(* Let $F:\mathbb{R}\to(0,1)$ be a continuous, strictly increasing cumulative distribution function with $\lim_{u\to-\infty}F(u)=0$ and $\lim_{u\to+\infty}F(u)=1$, so that $F^{-1}:(0,1)\to\mathbb{R}$ exists and is continuous and strictly increasing. Define the mirror map $\Phi:(0,1)^m\to\mathbb{R}$ by $\Phi(\boldsymbol\theta)=\sum_{i=1}^m\int_{1/2}^{\theta_i}F^{-1}(u)\,du$ and its Bregman divergence $D_\Phi(\boldsymbol\theta,\boldsymbol\theta')=\Phi(\boldsymbol\theta)-\Phi(\boldsymbol\theta')-\langle\nabla\Phi(\boldsymbol\theta'),\boldsymbol\theta-\boldsymbol\theta'\rangle$. Let $\boldsymbol\eta^t\in\mathbb{R}^m$, $\boldsymbol\theta^t=F(\boldsymbol\eta^t)$ (coordinate-wise), $\mathbf{g}^t\in\mathbb{R}^m$ arbitrary and $\varepsilon>0$. Then the (stochastic) mirror descent step $$\boldsymbol\theta^{t+1}=\arg\min_{\boldsymbol\theta\in(0,1)^m}\Big\{\langle\mathbf{g}^t,\boldsymbol\theta-\boldsymbol\theta^t\rangle+\tfrac1\varepsilon D_\Phi(\boldsymbol\theta,\boldsymbol\theta^t)\Big\}$$ has a unique solution, and it equals $F(\boldsymbol\eta^{t+1})$ where $\boldsymbol\eta^{t+1}=\boldsymbol\eta^t-\varepsilon\mathbf{g}^t$. In particular, plain SGD on the latent weights $\boldsymbol\eta$, $\boldsymbol\eta^{t+1}=\boldsymbol\eta^t-\varepsilon\hat{\mathbf g}^t$, where $\hat{\mathbf g}^t$ is the identity straight-through-weights estimate (defined in the context) computed at $\boldsymbol\eta^t$, implements stochastic mirror descent in the weight probabilities $\boldsymbol\theta=F(\boldsymbol\eta)$ with divergence $D_\Phi$ and stochastic gradient $\hat{\mathbf g}^t$.
   Context: Binary weights $\mathbf{w}\in\{-1,1\}^m$ have independent coordinates with $P(w_i=1)=\theta_i$; they are modelled as $w_i=\mathrm{sign}(\eta_i-z_i)$ with independent noises $z_i$ of cdf $F$, so $\theta_i=F(\eta_i)$; the $\eta_i\in\mathbb{R}$ are called latent weights. For a differentiable loss $\mathcal{L}:\mathbb{R}^m\to\mathbb{R}$ one wishes to minimize $\mathbb{E}_{\mathbf{w}}[\mathcal{L}(\mathbf{w})]$ over $\boldsymbol\theta\in[0,1]^m$. The identity straight-through-weights estimator: on the forward pass sample $\mathbf{w}$ with $P(w_i=1)=F(\eta_i)$; on the backward pass set the gradient with respect to $\boldsymbol\eta$ to $\hat{\mathbf g}=2\nabla_{\mathbf w}\mathcal{L}(\mathbf{w})$ (i.e., the factor $F'(\eta_i)$ of the chain rule is omitted); $\hat{\mathbf g}$ serves as a (straight-through) estimate of $\nabla_{\boldsymbol\theta}\mathbb{E}_{\mathbf w}[\mathcal{L}(\mathbf w)]$. *)

theory Defs
  imports "HOL-Analysis.Analysis"
begin

definition open_cube :: "(real ^ 'm) set" where
  "open_cube = {\<theta>. \<forall>i. 0 < \<theta> $ i \<and> \<theta> $ i < 1}"

text \<open>Mirror map: Phi(theta) = sum_i integral from 1/2 to theta_i of F^{-1}(u) du
  (oriented interval integral; F^{-1} = inv F).\<close>
definition mirror_map :: "(real \<Rightarrow> real) \<Rightarrow> real ^ 'm \<Rightarrow> real" where
  "mirror_map F \<theta> = (\<Sum>i\<in>UNIV. (LBINT u = ereal (1/2)..ereal (\<theta> $ i). inv F u))"

text \<open>Bregman divergence, with the gradient term given by the Frechet derivative of Phi
  at theta' applied to theta - theta', i.e. the inner product with grad Phi(theta').\<close>
definition bregman :: "(real \<Rightarrow> real) \<Rightarrow> real ^ 'm \<Rightarrow> real ^ 'm \<Rightarrow> real" where
  "bregman F \<theta> \<theta>' = mirror_map F \<theta> - mirror_map F \<theta>'
     - frechet_derivative (mirror_map F) (at \<theta>') (\<theta> - \<theta>')"

definition md_objective ::
  "(real \<Rightarrow> real) \<Rightarrow> real \<Rightarrow> real ^ 'm \<Rightarrow> real ^ 'm \<Rightarrow> real ^ 'm \<Rightarrow> real" where
  "md_objective F \<epsilon> g \<theta>t \<theta> = inner g (\<theta> - \<theta>t) + (1 / \<epsilon>) * bregman F \<theta> \<theta>t"

end

theory Submission
  imports Defs
begin

text \<open>The mirror map is separable with partial derivatives
  \<open>\<partial>\<Phi>/\<partial>\<theta>\<^sub>i = F\<^sup>-\<^sup>1(\<theta>\<^sub>i)\<close>, so the mirror descent objective splits into one-dimensional
  problems in the coordinates \<open>\<theta>\<^sub>i\<close>. The derivative of the \<open>i\<close>-th one is
  \<open>(F\<^sup>-\<^sup>1(x) - (\<eta>\<^sub>i - \<epsilon> g\<^sub>i)) / \<epsilon>\<close>, which is strictly increasing and vanishes exactly at
  \<open>x = F(\<eta>\<^sub>i - \<epsilon> g\<^sub>i)\<close>. That point is therefore the unique minimiser of each coordinate
  problem, and hence of their sum.\<close>

lemma DERIV_sign_change_imp_strict_min:
  fixes f d :: "real \<Rightarrow> real"
  assumes deriv: "\<And>y. a < y \<Longrightarrow> y < b \<Longrightarrow> (f has_real_derivative d y) (at y)"
    and neg: "\<And>y. a < y \<Longrightarrow> y < c \<Longrightarrow> d y < 0"
    and pos: "\<And>y. c < y \<Longrightarrow> y < b \<Longrightarrow> d y > 0"
    and "a < c" "c < b" "a < x" "x < b" "x \<noteq> c"
  shows "f c < f x"
proof -
  have cont: "continuous_on {u..v} f" if "a < u" "v < b" for u v
    using that by (intro continuous_at_imp_continuous_on ballI DERIV_isCont[OF deriv]) auto
  consider "x < c" | "c < x" using \<open>x \<noteq> c\<close> by linarith
  then show ?thesis
  proof cases
    case 1
    have "\<exists>l. (f has_real_derivative l) (at y) \<and> l < 0" if "x < y" "y < c" for y
      using deriv[of y] neg[of y] that \<open>a < x\<close> \<open>c < b\<close> by auto
    then show ?thesis using DERIV_neg_imp_decreasing_open[OF 1 _ cont] assms(6) \<open>c < b\<close> by blast
  next
    case 2
    have "\<exists>l. (f has_real_derivative l) (at y) \<and> l > 0" if "c < y" "y < x" for y
      using deriv[of y] pos[of y] that \<open>a < c\<close> \<open>x < b\<close> by auto
    then show ?thesis using DERIV_pos_imp_increasing_open[OF 2 _ cont] assms(4) \<open>x < b\<close> by blast
  qed
qed

lemma argmin_coordinatewise_sum:
  fixes c :: "'a ^ 'n" and f :: "'n \<Rightarrow> 'a \<Rightarrow> real"
  assumes "\<And>i. c $ i \<in> S"
    and strict_min: "\<And>i x. x \<in> S \<Longrightarrow> x \<noteq> c $ i \<Longrightarrow> f i (c $ i) < f i x"
  shows "{\<theta> \<in> {\<theta>. \<forall>i. \<theta> $ i \<in> S}. \<forall>\<theta>' \<in> {\<theta>. \<forall>i. \<theta> $ i \<in> S}.
            (\<Sum>i\<in>UNIV. f i (\<theta> $ i)) \<le> (\<Sum>i\<in>UNIV. f i (\<theta>' $ i))} = {c}"
    (is "?argmin = _")
proof -
  have le: "f i (c $ i) \<le> f i (\<theta> $ i)" if "\<forall>i. \<theta> $ i \<in> S" for \<theta> i
    using strict_min[of "\<theta> $ i" i] that by (cases "\<theta> $ i = c $ i") auto
  have less: "(\<Sum>i\<in>UNIV. f i (c $ i)) < (\<Sum>i\<in>UNIV. f i (\<theta> $ i))"
    if "\<forall>i. \<theta> $ i \<in> S" "\<theta> \<noteq> c" for \<theta>
  proof -
    obtain j where "\<theta> $ j \<noteq> c $ j" using \<open>\<theta> \<noteq> c\<close> by (metis vec_eq_iff)
    then have "f j (c $ j) < f j (\<theta> $ j)" using strict_min that(1) by blast
    then show ?thesis using le[OF that(1)] by (intro sum_strict_mono_ex1) auto
  qed
  have "c \<in> ?argmin" using assms(1) le by (auto intro: sum_mono)
  moreover have "\<theta> = c" if "\<theta> \<in> ?argmin" for \<theta>
    using that assms(1) less[of \<theta>] by force
  ultimately show ?thesis by blast
qed

locale continuous_cdf =
  fixes F :: "real \<Rightarrow> real"
  assumes continuous: "continuous_on UNIV F"
    and strict_mono: "strict_mono F"
    and range_unit: "\<And>x. 0 < F x \<and> F x < 1"
    and tendsto_at_bot: "(F \<longlongrightarrow> 0) at_bot"
    and tendsto_at_top: "(F \<longlongrightarrow> 1) at_top"
begin

lemma inv_F_F [simp]: "inv F (F x) = x"
proof -
  have "inj F" using strict_mono strict_mono_on_imp_inj_on by blast
  then show ?thesis by simp
qed

lemma isCont_F: "isCont F x"
  using continuous by (simp add: continuous_on_eq_continuous_at)

lemma ex_F_eq:
  assumes "0 < u" "u < 1"
  shows "\<exists>x. F x = u"
proof -
  obtain a where a: "F a < u"
    using order_tendstoD(2)[OF tendsto_at_bot \<open>0 < u\<close>] by (meson eventually_at_bot_linorder order_refl)
  obtain b where b: "u < F b"
    using order_tendstoD(1)[OF tendsto_at_top \<open>u < 1\<close>] by (meson eventually_at_top_linorder order_refl)
  have "F a < F b" using a b by linarith
  then have "a \<le> b" using strict_mono by (simp add: strict_mono_less less_imp_le)
  then show ?thesis
    using IVT[of F a u b] a b isCont_F by auto
qed

lemma F_inv_F:
  assumes "0 < u" "u < 1"
  shows "F (inv F u) = u"
  using ex_F_eq[OF assms] by force

lemma inv_F_less_iff:
  assumes "0 < u" "u < 1" "0 < v" "v < 1"
  shows "inv F u < inv F v \<longleftrightarrow> u < v"
  using F_inv_F[OF assms(1,2)] F_inv_F[OF assms(3,4)] strict_mono by (metis strict_mono_less)

lemma isCont_inv_F:
  assumes "0 < u" "u < 1"
  shows "isCont (inv F) u"
proof -
  obtain x where "F x = u" using ex_F_eq assms by blast
  moreover have "isCont (inv F) (F x)"
    by (rule isCont_inverse_function[of 1]) (auto simp: isCont_F)
  ultimately show ?thesis by simp
qed

definition mirror_coord :: "real \<Rightarrow> real" where
  "mirror_coord x = (LBINT u = ereal (1/2)..ereal x. inv F u)"

lemma mirror_map_eq_sum: "mirror_map F = (\<lambda>\<theta>. \<Sum>i\<in>UNIV. mirror_coord (\<theta> $ i))"
  by (simp add: mirror_map_def[abs_def] mirror_coord_def)

lemma mirror_coord_has_real_derivative:
  assumes "0 < x" "x < 1"
  shows "(mirror_coord has_real_derivative inv F x) (at x)"
proof -
  define a where "a = min (1/2) x / 2"
  define b where "b = (max (1/2) x + 1) / 2"
  have ab: "0 < a" "b < 1" "a < x" "x < b" "a \<le> 1/2" "1/2 \<le> b"
    using assms by (auto simp: a_def b_def)
  have "continuous_on {a..b} (inv F)"
    using ab by (intro continuous_at_imp_continuous_on ballI isCont_inv_F) auto
  from interval_integral_FTC2[OF ab(5,6) this, of x]
  have "(mirror_coord has_vector_derivative inv F x) (at x within {a..b})"
    unfolding mirror_coord_def[abs_def] using ab by simp
  moreover have "at x within {a..b} = at x" using ab by (intro at_within_interior) auto
  ultimately show ?thesis
    by (simp add: has_real_derivative_iff_has_vector_derivative)
qed

lemma mirror_map_has_derivative:
  assumes "\<theta> \<in> open_cube"
  shows "(mirror_map F has_derivative (\<lambda>h. \<Sum>i\<in>UNIV. inv F (\<theta> $ i) * h $ i)) (at \<theta>)"
proof -
  have "((\<lambda>\<theta>. mirror_coord (\<theta> $ i)) has_derivative (\<lambda>h. inv F (\<theta> $ i) * h $ i)) (at \<theta>)" for i
  proof -
    have "(mirror_coord has_derivative (*) (inv F (\<theta> $ i))) (at (\<theta> $ i))"
      using assms by (intro has_field_derivative_imp_has_derivative mirror_coord_has_real_derivative)
        (auto simp: open_cube_def)
    from has_derivative_compose[OF bounded_linear_vec_nth[THEN bounded_linear.has_derivative,
        OF has_derivative_ident] this]
    show ?thesis .
  qed
  then show ?thesis unfolding mirror_map_eq_sum by (intro has_derivative_sum) auto
qed

text \<open>The \<open>i\<close>-th summand of the objective at \<open>\<theta>\<^sup>t = F(\<eta>)\<close>; the gradient of the mirror map
  there is \<open>\<eta>\<close> itself, because \<open>inv F \<circ> F = id\<close>.\<close>
definition md_coord :: "real \<Rightarrow> real \<Rightarrow> real \<Rightarrow> real \<Rightarrow> real" where
  "md_coord \<epsilon> g\<^sub>i \<eta>\<^sub>i x =
     g\<^sub>i * (x - F \<eta>\<^sub>i) + (1 / \<epsilon>) * (mirror_coord x - mirror_coord (F \<eta>\<^sub>i) - \<eta>\<^sub>i * (x - F \<eta>\<^sub>i))"

lemma md_objective_eq_sum:
  fixes \<eta> g :: "real ^ 'm"
  shows "md_objective F \<epsilon> g (\<chi> i. F (\<eta> $ i))
           = (\<lambda>\<theta>. \<Sum>i\<in>UNIV. md_coord \<epsilon> (g $ i) (\<eta> $ i) (\<theta> $ i))"
proof -
  have "(\<chi> i. F (\<eta> $ i)) \<in> open_cube" using range_unit by (simp add: open_cube_def)
  from frechet_derivative_at[OF mirror_map_has_derivative[OF this]]
  have "frechet_derivative (mirror_map F) (at (\<chi> i. F (\<eta> $ i))) = (\<lambda>h. \<Sum>i\<in>UNIV. \<eta> $ i * h $ i)"
    by simp
  then show ?thesis
    by (simp add: fun_eq_iff md_objective_def bregman_def mirror_map_eq_sum inner_vec_def md_coord_def
        sum_subtractf sum_distrib_left sum.distrib algebra_simps)
qed

lemma md_coord_has_real_derivative:
  assumes "0 < x" "x < 1"
  shows "(md_coord \<epsilon> g\<^sub>i \<eta>\<^sub>i has_real_derivative g\<^sub>i + (inv F x - \<eta>\<^sub>i) / \<epsilon>) (at x)"
proof -
  have "(md_coord \<epsilon> g\<^sub>i \<eta>\<^sub>i has_real_derivative
          g\<^sub>i * (1 - 0) + (1 / \<epsilon>) * (inv F x - 0 - \<eta>\<^sub>i * (1 - 0))) (at x)"
    unfolding md_coord_def[abs_def]
    by (intro DERIV_add DERIV_cmult DERIV_diff DERIV_ident DERIV_const
        mirror_coord_has_real_derivative[OF assms])
  then show ?thesis by (simp add: diff_divide_distrib)
qed

lemma md_coord_strict_min:
  assumes "\<epsilon> > 0" "0 < x" "x < 1" "x \<noteq> F (\<eta>\<^sub>i - \<epsilon> * g\<^sub>i)"
  shows "md_coord \<epsilon> g\<^sub>i \<eta>\<^sub>i (F (\<eta>\<^sub>i - \<epsilon> * g\<^sub>i)) < md_coord \<epsilon> g\<^sub>i \<eta>\<^sub>i x"
proof (rule DERIV_sign_change_imp_strict_min[OF md_coord_has_real_derivative])
  let ?c = "F (\<eta>\<^sub>i - \<epsilon> * g\<^sub>i)"
  have sign_neg: "g\<^sub>i + (inv F y - \<eta>\<^sub>i) / \<epsilon> < 0 \<longleftrightarrow> y < ?c"
    and sign_pos: "g\<^sub>i + (inv F y - \<eta>\<^sub>i) / \<epsilon> > 0 \<longleftrightarrow> ?c < y" if "0 < y" "y < 1" for y
    using inv_F_less_iff[of y ?c] inv_F_less_iff[of ?c y] range_unit that \<open>\<epsilon> > 0\<close>
    by (auto simp: field_simps)
  show "g\<^sub>i + (inv F y - \<eta>\<^sub>i) / \<epsilon> < 0" if "0 < y" "y < ?c" for y
    using sign_neg that range_unit[of "\<eta>\<^sub>i - \<epsilon> * g\<^sub>i"] by auto
  show "g\<^sub>i + (inv F y - \<eta>\<^sub>i) / \<epsilon> > 0" if "?c < y" "y < 1" for y
    using sign_pos that range_unit[of "\<eta>\<^sub>i - \<epsilon> * g\<^sub>i"] by auto
qed (use assms range_unit in auto)

end

theorem proposition1:
  fixes F :: "real \<Rightarrow> real" and \<eta> g :: "real ^ 'm" and \<epsilon> :: real
  assumes "continuous_on UNIV F"
    and "strict_mono F"
    and "\<And>x. 0 < F x \<and> F x < 1"
    and "(F \<longlongrightarrow> 0) at_bot"
    and "(F \<longlongrightarrow> 1) at_top"
    and "\<epsilon> > 0"
  shows "{\<theta> \<in> open_cube. \<forall>\<theta>'\<in>open_cube.
            md_objective F \<epsilon> g (\<chi> i. F (\<eta> $ i)) \<theta>
              \<le> md_objective F \<epsilon> g (\<chi> i. F (\<eta> $ i)) \<theta>'}
         = {\<chi> i. F ((\<eta> - \<epsilon> *\<^sub>R g) $ i)}"
proof -
  interpret continuous_cdf F using assms(1-5) by unfold_locales
  let ?step = "\<chi> i. F ((\<eta> - \<epsilon> *\<^sub>R g) $ i)"
  have cube: "open_cube = {\<theta>. \<forall>i. \<theta> $ i \<in> {0<..<1::real}}" by (auto simp: open_cube_def)
  show ?thesis
    unfolding md_objective_eq_sum cube
  proof (rule argmin_coordinatewise_sum)
    show "?step $ i \<in> {0<..<1}" for i using range_unit by simp
    show "md_coord \<epsilon> (g $ i) (\<eta> $ i) (?step $ i) < md_coord \<epsilon> (g $ i) (\<eta> $ i) x"
      if "x \<in> {0<..<1}" "x \<noteq> ?step $ i" for i x
      using md_coord_strict_min[OF assms(6)] that by simp
  qed
qed

end
(* The matroid $V_{10}/5$ (which is isomorphic to $V_{10}/7$) has the half-plane property; equivalently, the polynomial $\frac{\partial f_{10}}{\partial x_5}$ is stable.
   Context: $V_{10}$ is the matroid on $\{1,\dots,10\}$ whose bases are all $4$-element subsets of $\{1,\dots,10\}$ except $\{1,2,3,4\},\{1,2,5,6\},\{1,2,7,8\},\{1,2,9,10\},\{3,4,5,6\},\{5,6,7,8\},\{7,8,9,10\}$, and $f_{10}=\sum_{B}\prod_{i\in B}x_i$ (sum over bases $B$ of $V_{10}$) is its basis generating polynomial. For a matroid $M$ and element $e$, the contraction $M/e$ has as bases the sets $B\setminus\{e\}$ for bases $B$ of $M$ containing $e$; its basis generating polynomial is the partial derivative with respect to $x_e$ of that of $M$. A homogeneous real polynomial $f$ is stable if for all vectors $v$ with all entries positive and all real vectors $w$, $f(tv+w)\in\mathbb{R}[t]$ has only real roots; a matroid has the half-plane property if its basis generating polynomial is stable. *)

theory Defs
  imports Complex_Main
begin

definition V10_bases :: "nat set set" where
  "V10_bases = {B. B \<subseteq> {1..10} \<and> card B = 4}
     - {{1,2,3,4}, {1,2,5,6}, {1,2,7,8}, {1,2,9,10}, {3,4,5,6}, {5,6,7,8}, {7,8,9,10}}"

definition contract_bases :: "nat set set \<Rightarrow> nat \<Rightarrow> nat set set" where
  "contract_bases Bs e = {B - {e} | B. B \<in> Bs \<and> e \<in> B}"

definition basis_gen_poly :: "nat set set \<Rightarrow> (nat \<Rightarrow> complex) \<Rightarrow> complex" where
  "basis_gen_poly Bs x = (\<Sum>B\<in>Bs. \<Prod>i\<in>B. x i)"

definition stable_on :: "nat set \<Rightarrow> ((nat \<Rightarrow> complex) \<Rightarrow> complex) \<Rightarrow> bool" where
  "stable_on E f \<longleftrightarrow>
     (\<forall>v w :: nat \<Rightarrow> real. (\<forall>i\<in>E. v i > 0) \<longrightarrow>
        (\<forall>t :: complex. f (\<lambda>i. t * complex_of_real (v i) + complex_of_real (w i)) = 0
            \<longrightarrow> t \<in> \<real>))"

definition half_plane_property :: "nat set \<Rightarrow> nat set set \<Rightarrow> bool" where
  "half_plane_property E Bs \<longleftrightarrow> stable_on E (basis_gen_poly Bs)"

end

theory Submission
  imports Defs "HOL-Computational_Algebra.Fundamental_Theorem_Algebra"
begin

Work to complete:
Report how many lines in these entries contain "matroid". Answer with the number only.

Final answer:
2